━━━━━ Available data ━━━━━
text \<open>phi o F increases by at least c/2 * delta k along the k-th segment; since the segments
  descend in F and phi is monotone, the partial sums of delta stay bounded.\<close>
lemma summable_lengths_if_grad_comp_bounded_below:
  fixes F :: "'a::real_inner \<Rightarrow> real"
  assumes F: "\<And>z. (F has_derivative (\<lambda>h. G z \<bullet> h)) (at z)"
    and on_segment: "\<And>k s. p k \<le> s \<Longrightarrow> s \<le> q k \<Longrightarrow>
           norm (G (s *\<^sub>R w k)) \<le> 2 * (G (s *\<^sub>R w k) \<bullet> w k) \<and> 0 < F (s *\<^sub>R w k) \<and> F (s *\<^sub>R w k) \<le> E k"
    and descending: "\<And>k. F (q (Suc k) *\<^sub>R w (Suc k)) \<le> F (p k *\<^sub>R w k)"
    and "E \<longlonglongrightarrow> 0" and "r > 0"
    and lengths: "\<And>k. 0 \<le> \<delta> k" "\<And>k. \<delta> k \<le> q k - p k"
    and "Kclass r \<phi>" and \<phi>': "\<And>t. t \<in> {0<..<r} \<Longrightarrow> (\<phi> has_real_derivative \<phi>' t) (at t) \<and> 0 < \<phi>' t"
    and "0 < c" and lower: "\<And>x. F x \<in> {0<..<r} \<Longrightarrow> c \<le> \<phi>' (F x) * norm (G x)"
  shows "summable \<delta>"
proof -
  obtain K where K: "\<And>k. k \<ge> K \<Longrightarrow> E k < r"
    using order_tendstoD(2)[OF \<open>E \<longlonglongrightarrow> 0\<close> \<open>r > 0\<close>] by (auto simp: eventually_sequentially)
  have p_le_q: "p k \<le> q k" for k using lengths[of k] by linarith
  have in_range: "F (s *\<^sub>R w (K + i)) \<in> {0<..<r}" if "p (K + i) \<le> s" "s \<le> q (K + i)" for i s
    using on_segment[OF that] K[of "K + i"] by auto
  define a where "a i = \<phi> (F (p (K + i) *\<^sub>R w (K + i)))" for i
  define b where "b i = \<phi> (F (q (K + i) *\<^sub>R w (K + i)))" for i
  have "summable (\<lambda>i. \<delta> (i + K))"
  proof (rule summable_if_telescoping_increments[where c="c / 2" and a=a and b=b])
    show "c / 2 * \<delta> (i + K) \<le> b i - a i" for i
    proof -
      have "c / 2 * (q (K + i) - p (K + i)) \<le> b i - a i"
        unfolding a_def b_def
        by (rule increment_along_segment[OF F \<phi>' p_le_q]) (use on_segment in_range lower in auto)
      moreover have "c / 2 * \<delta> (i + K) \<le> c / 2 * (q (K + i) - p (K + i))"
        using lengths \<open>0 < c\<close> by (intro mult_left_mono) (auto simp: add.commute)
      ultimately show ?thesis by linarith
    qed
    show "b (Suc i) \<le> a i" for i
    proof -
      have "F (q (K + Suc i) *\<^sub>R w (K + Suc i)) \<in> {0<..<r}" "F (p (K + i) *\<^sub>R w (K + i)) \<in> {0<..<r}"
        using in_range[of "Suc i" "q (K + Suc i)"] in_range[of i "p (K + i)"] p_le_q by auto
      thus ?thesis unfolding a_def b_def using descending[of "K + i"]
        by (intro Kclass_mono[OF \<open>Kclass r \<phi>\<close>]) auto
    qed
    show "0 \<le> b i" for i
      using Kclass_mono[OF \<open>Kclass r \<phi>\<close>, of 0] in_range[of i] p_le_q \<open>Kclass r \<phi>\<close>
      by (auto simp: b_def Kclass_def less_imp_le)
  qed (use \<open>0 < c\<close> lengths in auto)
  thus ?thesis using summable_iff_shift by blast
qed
━━━━━
━━━━━ Available data ━━━━━
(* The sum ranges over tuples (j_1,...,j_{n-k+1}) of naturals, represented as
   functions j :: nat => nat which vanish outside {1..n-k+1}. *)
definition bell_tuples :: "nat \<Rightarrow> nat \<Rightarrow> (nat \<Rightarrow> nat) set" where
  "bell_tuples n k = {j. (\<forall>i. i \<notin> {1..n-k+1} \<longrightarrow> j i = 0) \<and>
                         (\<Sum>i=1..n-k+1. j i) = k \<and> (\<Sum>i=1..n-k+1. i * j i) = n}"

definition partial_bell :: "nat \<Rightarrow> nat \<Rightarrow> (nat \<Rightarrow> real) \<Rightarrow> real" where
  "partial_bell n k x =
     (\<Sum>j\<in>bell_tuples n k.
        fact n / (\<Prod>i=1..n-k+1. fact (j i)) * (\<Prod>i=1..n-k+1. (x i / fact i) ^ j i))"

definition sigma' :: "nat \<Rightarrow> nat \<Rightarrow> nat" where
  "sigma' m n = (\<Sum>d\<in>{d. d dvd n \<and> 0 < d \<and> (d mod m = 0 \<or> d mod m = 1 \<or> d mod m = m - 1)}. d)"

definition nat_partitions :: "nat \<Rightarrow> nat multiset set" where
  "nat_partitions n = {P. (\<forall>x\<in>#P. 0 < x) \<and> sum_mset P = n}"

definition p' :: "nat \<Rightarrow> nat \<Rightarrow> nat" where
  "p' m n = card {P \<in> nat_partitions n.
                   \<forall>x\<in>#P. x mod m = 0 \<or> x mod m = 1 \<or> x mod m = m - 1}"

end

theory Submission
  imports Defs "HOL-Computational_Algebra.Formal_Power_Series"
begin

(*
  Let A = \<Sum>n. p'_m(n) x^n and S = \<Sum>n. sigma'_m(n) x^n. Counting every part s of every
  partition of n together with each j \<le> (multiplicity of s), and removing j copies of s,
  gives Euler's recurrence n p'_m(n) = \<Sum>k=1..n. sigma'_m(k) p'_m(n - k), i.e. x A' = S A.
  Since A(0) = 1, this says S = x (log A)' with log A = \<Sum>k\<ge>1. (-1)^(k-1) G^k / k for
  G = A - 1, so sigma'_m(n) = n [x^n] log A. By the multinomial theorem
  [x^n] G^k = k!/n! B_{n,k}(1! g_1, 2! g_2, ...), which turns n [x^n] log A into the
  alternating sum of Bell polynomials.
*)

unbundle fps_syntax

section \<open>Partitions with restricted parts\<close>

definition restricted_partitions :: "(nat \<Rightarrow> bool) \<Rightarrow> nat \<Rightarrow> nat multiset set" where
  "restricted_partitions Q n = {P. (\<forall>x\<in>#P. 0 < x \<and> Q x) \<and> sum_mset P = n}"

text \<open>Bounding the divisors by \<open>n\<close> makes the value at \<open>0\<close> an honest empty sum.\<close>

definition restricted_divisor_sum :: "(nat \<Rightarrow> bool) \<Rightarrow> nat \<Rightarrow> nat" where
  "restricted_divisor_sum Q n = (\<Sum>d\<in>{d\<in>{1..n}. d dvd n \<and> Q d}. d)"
━━━━━
• _Exercise description_: Each line that holds the word "delta" should be extracted from the records.

• _Exercise response_:
text \<open>phi o F increases by at least c/2 * delta k along the k-th segment; since the segments
  descend in F and phi is monotone, the partial sums of delta stay bounded.\<close>
    and lengths: "\<And>k. 0 \<le> \<delta> k" "\<And>k. \<delta> k \<le> q k - p k"
  shows "summable \<delta>"
  have "summable (\<lambda>i. \<delta> (i + K))"
    show "c / 2 * \<delta> (i + K) \<le> b i - a i" for i
      moreover have "c / 2 * \<delta> (i + K) \<le> c / 2 * (q (K + i) - p (K + i))"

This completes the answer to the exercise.